Subject to the terms of the Plan and my Agreement, I will receive shares of Stock in settlement of my Award (to the extent vested) within 30 days of the earlier of (i) any Settlement Date I have elected below, (ii) the date of my termination of Service or (iii) the date of any Change of Control, as defined in the Plan, if such an Award is not assumed or substituted for a similar award.

I understand that:

A Settlement Date may be no earlier than January 1 of the second calendar year following the Election Period (e.g. if the Election Period ends on December 31, 2006, the Settlement Date may be no earlier than January 1, 2008).

That I may (but am not required) to elect a Settlement Date, however, if I don’t select a Settlement Date, but have completed this form and elected to defer settlement of the Award beyond the date such award would have become vested, that I will have made an irrevocable election to defer settlement of the Award until my termination of Service.

I elect a Settlement Date for 100% of my Award on      . (please select a date no earlier than January 1 of the second calendar year following the Election Period, however, remember that the Award becomes vested on the date provided in the Notice of Grant and unless you select a later Settlement Date, would be settled on the vesting date)

             
           
[      ] I do not elect a Settlement Date (and I understand
this means that the Settlement Date will be the date I
terminated Service).

Change of Settlement Date:

I understand that I may make, with the consent of the Company, a subsequent election to further defer settlement of this Award, and that such an election must be made at least one (1) year prior to my originally selected Settlement Date and I further understand that my newly elected Settlement Date must be at least five (5) years after the date of the originally selected Settlement Date. I further understand that the ability to make such a subsequent deferral election may not be available to me in the future if the Company changes its administration policies to reflect any changes to the applicable law governing deferred compensation.

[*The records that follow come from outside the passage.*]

(* Let $n\ge 2$ be an integer and let $M$ be a countable dense subset of $(L_n,\tau_E|_{L_n})$. Then (1) $(X_n,\tau(M))$ is neither perfect nor Lindelöf; (2) $(X_n,\tau(L_n\setminus M))$ is second-countable but not $\sigma$-compact.
   Context: For $\overline{x},\overline{a}\in\mathbb R^n$ let $|\overline{x}-\overline{a}|$ be the Euclidean distance and $B(\overline{a},\epsilon)=\{\overline{x}\in\mathbb R^n:|\overline{x}-\overline{a}|<\epsilon\}$. Let $P_n=\{\overline{x}\in\mathbb R^n: x_n>0\}$, $L_n=\{\overline{x}\in\mathbb R^n: x_n=0\}$, $X_n=P_n\cup L_n$, and let $\tau_E$ denote the Euclidean topology on $X_n$. For $\overline{a}\in L_n$ and $\epsilon>0$ put $\overline{a(\epsilon)}=(a_1,\dots,a_{n-1},\epsilon)$ and $\tilde B(\overline{a},\epsilon)=\{\overline{a}\}\cup B(\overline{a(\epsilon)},\epsilon)$. For $A\subseteq L_n$, the topology $\tau(A)$ on $X_n$ is generated by the local bases: at $\overline{a}\in P_n$, the sets $B(\overline{a},\epsilon)$ with $0<\epsilon<a_n$; at $\overline{a}\in A$, the sets $B(\overline{a},\epsilon)\cap X_n$ with $\epsilon>0$; at $\overline{a}\in L_n\setminus A$, the sets $\tilde B(\overline{a},\epsilon)$ with $\epsilon>0$. A space is perfect if every closed set is a $G_\delta$-set. *)

theory Defs
  imports "HOL-Analysis.Analysis"
begin

(* R^n is represented as R^(n-1) x R, i.e. the type (real^'m) \<times> real with
   n - 1 = CARD('m) \<ge> 1 (so n \<ge> 2).  The norm on the product type is
   sqrt(|y|^2 + t^2), i.e. the Euclidean norm; the last coordinate x_n is snd. *)

definition Pn :: "((real^'m) \<times> real) set" where
  "Pn = {x. snd x > 0}"

definition Ln :: "((real^'m) \<times> real) set" where
  "Ln = {x. snd x = 0}"

definition Xn :: "((real^'m) \<times> real) set" where
  "Xn = Pn \<union> Ln"

definition tball :: "(real^'m) \<times> real \<Rightarrow> real \<Rightarrow> ((real^'m) \<times> real) set" where
  "tball a e = insert a (ball (fst a, e) e)"

definition basic_nbhd :: "((real^'m) \<times> real) set \<Rightarrow> (real^'m) \<times> real \<Rightarrow> ((real^'m) \<times> real) set \<Rightarrow> bool" where
  "basic_nbhd A a N \<longleftrightarrow>
     (a \<in> Pn \<and> (\<exists>e. 0 < e \<and> e < snd a \<and> N = ball a e)) \<or>
     (a \<in> A \<and> (\<exists>e>0. N = ball a e \<inter> Xn)) \<or>
     (a \<in> Ln - A \<and> (\<exists>e>0. N = tball a e))"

4. Filing of Election. This Restricted Stock Unit Election must be filed with the Chief Financial Officer of the Company no later than:

             
    (a)      
For elections to defer receipt of Restricted Stock Units
during the Initial Plan Year: within 30 days after the
beginning of the Initial Plan Year.
    (b)      
For elections to defer receipt of Restricted Stock Units
during each subsequent Plan Year: the day prior to the
first day of such Plan Year.

5. Irrevocability of Election. This Restricted Stock Unit Election will become irrevocable as of the commencement of the Election Period.

6. Award is Unfunded. I understand that the Company has not formally funded my Award and that I am considered a general unsecured creditor of the Company with respect to my rights under the Award.

7. Subject to Plan. This Restricted Stock Unit Election is in all respects subject to the terms and conditions of the Plan. Should any inconsistency exist between this Restricted Stock Unit Election, the Plan, the Restricted Stock Unit Agreement, and/or any applicable law, then the provisions of either the applicable law or the Plan will control, with the Plan subordinated to the applicable law.